Many of the building blocks that will make this vision a reality will go live this year, he promises:
This quarter, our customers will be able to ask questions about their recent spending in their own words on their app. And later this year, we will launch voice-to-voice conversations and more agentic fraud support. You can also expect to see a greater emphasis on the use of advanced data analytics to drive faster pricing, credit and asset enablement decisions. In addition, data analytics will help us manage risk dynamically, whilst optimizing risk-adjusted returns.

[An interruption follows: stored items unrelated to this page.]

(* Let $a<b$, $0<\epsilon<\min\{1,b-a\}$ and $f\in C^1([a,b])$. Let $\sigma=\tanh$, $\beta=-3\ln(\epsilon)/\epsilon$, $$\rho_\epsilon(x)=\frac{\sigma(\beta(x+\epsilon^2))-\sigma(\beta(x-\epsilon^2))}{2\epsilon^2},\qquad \omega(t)=\sigma\bigl(\beta(t-\max\{a,t-\epsilon\})\bigr)-\sigma\bigl(\beta(t-\min\{b,t+\epsilon\})\bigr).$$ Then for all $t\in[a,b]$ one has $1-\epsilon\le\omega(t)\le2$ and $$\Bigl|\int_a^b f(s)\rho_\epsilon(t-s)\,ds-\omega(t)f(t)\Bigr|\le 20\|f\|_{C^1([a,b])}\,(b-a-\ln\epsilon)\,\epsilon.$$
   Context: $\|f\|_{C^1([a,b])}=\|f\|_{L^\infty([a,b])}+\|f'\|_{L^\infty([a,b])}$. *)

theory Defs
  imports "HOL-Analysis.Analysis"
begin

definition C1_on :: "real \<Rightarrow> real \<Rightarrow> (real \<Rightarrow> real) \<Rightarrow> (real \<Rightarrow> real) \<Rightarrow> bool" where
  "C1_on a b f f' \<longleftrightarrow>
     (\<forall>x\<in>{a..b}. (f has_real_derivative f' x) (at x within {a..b})) \<and> continuous_on {a..b} f'"

definition C1_norm :: "real \<Rightarrow> real \<Rightarrow> (real \<Rightarrow> real) \<Rightarrow> (real \<Rightarrow> real) \<Rightarrow> real" where
  "C1_norm a b f f' = (SUP x\<in>{a..b}. \<bar>f x\<bar>) + (SUP x\<in>{a..b}. \<bar>f' x\<bar>)"

definition beta_eps :: "real \<Rightarrow> real" where
  "beta_eps \<epsilon> = - 3 * ln \<epsilon> / \<epsilon>"

definition rho_eps :: "real \<Rightarrow> real \<Rightarrow> real" where
  "rho_eps \<epsilon> x = (tanh (beta_eps \<epsilon> * (x + \<epsilon>^2)) - tanh (beta_eps \<epsilon> * (x - \<epsilon>^2))) / (2 * \<epsilon>^2)"

definition omega_eps :: "real \<Rightarrow> real \<Rightarrow> real \<Rightarrow> real \<Rightarrow> real" where
  "omega_eps a b \<epsilon> t = tanh (beta_eps \<epsilon> * (t - max a (t - \<epsilon>))) - tanh (beta_eps \<epsilon> * (t - min b (t + \<epsilon>)))"

end

theory Submission
  imports Defs
begin

text \<open>
  With \<open>\<beta> = beta_eps \<epsilon>\<close> and \<open>c = \<epsilon>\<^sup>2\<close>, the kernel \<open>rho_eps \<epsilon>\<close> is the derivative of
  \<open>H u = (ln (cosh (\<beta> (u + c))) - ln (cosh (\<beta> (u - c)))) / (2 \<beta> c)\<close>, and by the mean value
  theorem \<open>H u = tanh \<eta>\<close> for some \<open>\<eta>\<close> within \<open>\<beta> c\<close> of \<open>\<beta> u\<close>. Hence the mass
  \<open>H (t - a) + H (b - t)\<close> of the kernel on \<open>[a, b]\<close> differs from
  \<open>omega_eps a b \<epsilon> t = tanh (\<beta> min (t - a) \<epsilon>) + tanh (\<beta> min (b - t) \<epsilon>)\<close> by at most
  \<open>2 (\<beta> c + 1 - tanh (\<beta> \<epsilon>)) = O(\<epsilon> |ln \<epsilon>|)\<close>, since \<open>exp (- \<beta> \<epsilon>) = \<epsilon>\<^sup>3\<close>.
  The remaining part \<open>\<integral> (f s - f t) rho_eps \<epsilon> (t - s) ds\<close> is \<open>O(\<epsilon>)\<close>: near \<open>t\<close> the
  Lipschitz bound on \<open>f\<close> applies, and at distance \<open>\<ge> \<epsilon>\<close> the kernel itself is at most \<open>\<epsilon>\<close>.
\<close>

lemma abs_tanh_diff_le: "\<bar>tanh x - tanh y\<bar> \<le> \<bar>x - y\<bar>" for x y :: real
proof -
  have mono: "tanh x - tanh y \<le> x - y" if less: "y < x" for x y :: real
  proof -
    have "\<And>z. y \<le> z \<Longrightarrow> z \<le> x \<Longrightarrow> DERIV tanh z :> 1 - tanh z ^ 2"
      by (auto intro!: derivative_eq_intros)
    from MVT2[OF less this] obtain z where "tanh x - tanh y = (x - y) * (1 - tanh z ^ 2)"
      by blast
    moreover have "0 \<le> (x - y) * tanh z ^ 2" using less by simp
    ultimately show ?thesis by (simp add: algebra_simps)
  qed
  show ?thesis
    using mono[of y x] mono[of x y] by (cases x y rule: linorder_cases) auto
qed

lemma one_minus_tanh_real: "1 - tanh x = 2 * exp (- 2 * x) / (1 + exp (- 2 * x))" for x :: real
proof -
  have "1 + exp (- 2 * x) > 0" by (simp add: add_pos_pos)
  then show ?thesis by (simp add: tanh_real_altdef field_simps)
qed

lemma one_minus_tanh_le_exp: "1 - tanh x \<le> 2 * exp (- 2 * x)" for x :: real
  unfolding one_minus_tanh_real by (simp add: divide_le_eq add_pos_pos mult_le_cancel_left1)

lemma tanh_add_le:
  fixes x y :: real
  assumes "0 \<le> x" "0 \<le> y"
  shows "tanh (x + y) \<le> tanh x + tanh y"
proof -
  have nonneg: "0 \<le> tanh x" "0 \<le> tanh y" using assms by simp_all
  have "tanh (x + y) = (tanh x + tanh y) / (1 + tanh x * tanh y)"
    by (rule tanh_add) simp_all
  also have "\<dots> \<le> (tanh x + tanh y) / 1"
    using nonneg mult_nonneg_nonneg[OF nonneg] by (intro divide_left_mono) (simp_all add: add_pos_nonneg)
  also have "\<dots> = tanh x + tanh y" by simp
  finally show ?thesis .
qed

definition tanh_bump :: "real \<Rightarrow> real \<Rightarrow> real \<Rightarrow> real" where
  "tanh_bump \<beta> c x = (tanh (\<beta> * (x + c)) - tanh (\<beta> * (x - c))) / (2 * c)"

definition tanh_bump_primitive :: "real \<Rightarrow> real \<Rightarrow> real \<Rightarrow> real" where
  "tanh_bump_primitive \<beta> c u = (ln (cosh (\<beta> * (u + c))) - ln (cosh (\<beta> * (u - c)))) / (2 * \<beta> * c)"

lemma tanh_bump_nonneg: "0 \<le> \<beta> \<Longrightarrow> 0 < c \<Longrightarrow> 0 \<le> tanh_bump \<beta> c x"
  unfolding tanh_bump_def by (simp add: mult_left_mono)

lemma tanh_bump_minus: "tanh_bump \<beta> c (- x) = tanh_bump \<beta> c x"
proof -
  have "\<beta> * (- x + c) = - (\<beta> * (x - c))" "\<beta> * (- x - c) = - (\<beta> * (x + c))"
    by (simp_all add: algebra_simps)
  then show ?thesis unfolding tanh_bump_def by simp
qed

lemma tanh_bump_le_exp:
  assumes "0 < c" "c \<le> \<bar>x\<bar>"
  shows "tanh_bump \<beta> c x \<le> exp (- 2 * \<beta> * (\<bar>x\<bar> - c)) / c"
proof -
  have "tanh_bump \<beta> c \<bar>x\<bar> \<le> (1 - tanh (\<beta> * (\<bar>x\<bar> - c))) / (2 * c)"
    unfolding tanh_bump_def using assms tanh_real_lt_1 by (simp add: divide_right_mono less_imp_le)
  also have "\<dots> \<le> 2 * exp (- 2 * (\<beta> * (\<bar>x\<bar> - c))) / (2 * c)"
    using assms by (intro divide_right_mono one_minus_tanh_le_exp) auto
  finally have "tanh_bump \<beta> c \<bar>x\<bar> \<le> exp (- 2 * \<beta> * (\<bar>x\<bar> - c)) / c"
    by (simp add: mult.assoc)
  moreover have "tanh_bump \<beta> c \<bar>x\<bar> = tanh_bump \<beta> c x"
    by (cases "0 \<le> x") (simp_all add: tanh_bump_minus)
  ultimately show ?thesis by simp
qed

lemma has_real_derivative_tanh_bump_primitive:
  assumes "\<beta> \<noteq> 0" "c \<noteq> 0"
  shows "(tanh_bump_primitive \<beta> c has_real_derivative tanh_bump \<beta> c u) (at u)"
  unfolding tanh_bump_primitive_def[abs_def] tanh_bump_def using assms
  by (auto intro!: derivative_eq_intros simp: tanh_def field_simps)

lemma tanh_bump_primitive_minus: "tanh_bump_primitive \<beta> c (- u) = - tanh_bump_primitive \<beta> c u"
proof -
  have "\<beta> * (- u + c) = - (\<beta> * (u - c))" "\<beta> * (- u - c) = - (\<beta> * (u + c))"
    by (simp_all add: algebra_simps)
  then show ?thesis unfolding tanh_bump_primitive_def by (simp add: diff_divide_distrib)
qed

text \<open>The primitive is a difference quotient of \<open>ln \<circ> cosh\<close>, whose derivative is \<open>tanh\<close>.\<close>
lemma tanh_bump_primitive_eq_tanh:
  assumes "0 < \<beta>" "0 < c"
  obtains \<eta> where "\<bar>\<eta> - \<beta> * u\<bar> < \<beta> * c" "tanh_bump_primitive \<beta> c u = tanh \<eta>"
proof -
  have "\<beta> * (u - c) < \<beta> * (u + c)" using assms by simp
  moreover have "\<And>x. ((\<lambda>x. ln (cosh x)) has_real_derivative tanh x) (at x)"
    by (auto intro!: derivative_eq_intros simp: tanh_def)
  ultimately obtain \<eta> where \<eta>: "\<beta> * (u - c) < \<eta>" "\<eta> < \<beta> * (u + c)"
    "ln (cosh (\<beta> * (u + c))) - ln (cosh (\<beta> * (u - c))) = (\<beta> * (u + c) - \<beta> * (u - c)) * tanh \<eta>"
    using MVT2 by blast
  show ?thesis
  proof
    show "\<bar>\<eta> - \<beta> * u\<bar> < \<beta> * c" using \<eta>(1,2) by (simp add: algebra_simps abs_less_iff)
    show "tanh_bump_primitive \<beta> c u = tanh \<eta>"
      using \<eta>(3) assms unfolding tanh_bump_primitive_def by (simp add: algebra_simps)
  qed
qed

lemma abs_tanh_bump_primitive_less_1: "0 < \<beta> \<Longrightarrow> 0 < c \<Longrightarrow> \<bar>tanh_bump_primitive \<beta> c u\<bar> < 1"
  by (metis tanh_bump_primitive_eq_tanh tanh_real_abs tanh_real_lt_1)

All of this is coming at a cost, of course - Thwaite confirms that a further £100 million will be spent in 2026 on tech. What about the ROI on that? What levers are being pulled there to keep investors happy at a time when ‘show us the AI money’ is an all-too-familiar refrain? Thwaite argues:
It's a really broad range of levers, I would say. A key part of it is the kind of historic and current tech investment. That's driving a lot more digitization, automation. We continue to decommission a lot of applications. We've consolidated a lot of platforms. So that's really helping. We've also become a lot more efficient in how we do change...In effect, we can do more change at lower cost, which is great for the customer, but also great for the cost outlook. And we're also continuing to simplify the business more generally.
My take
Time will tell where that plays out...I do believe we've got this flywheel of kind of cost efficiencies going well...We’re very comfortable that this flywheel is heading in the right direction.
Onwards!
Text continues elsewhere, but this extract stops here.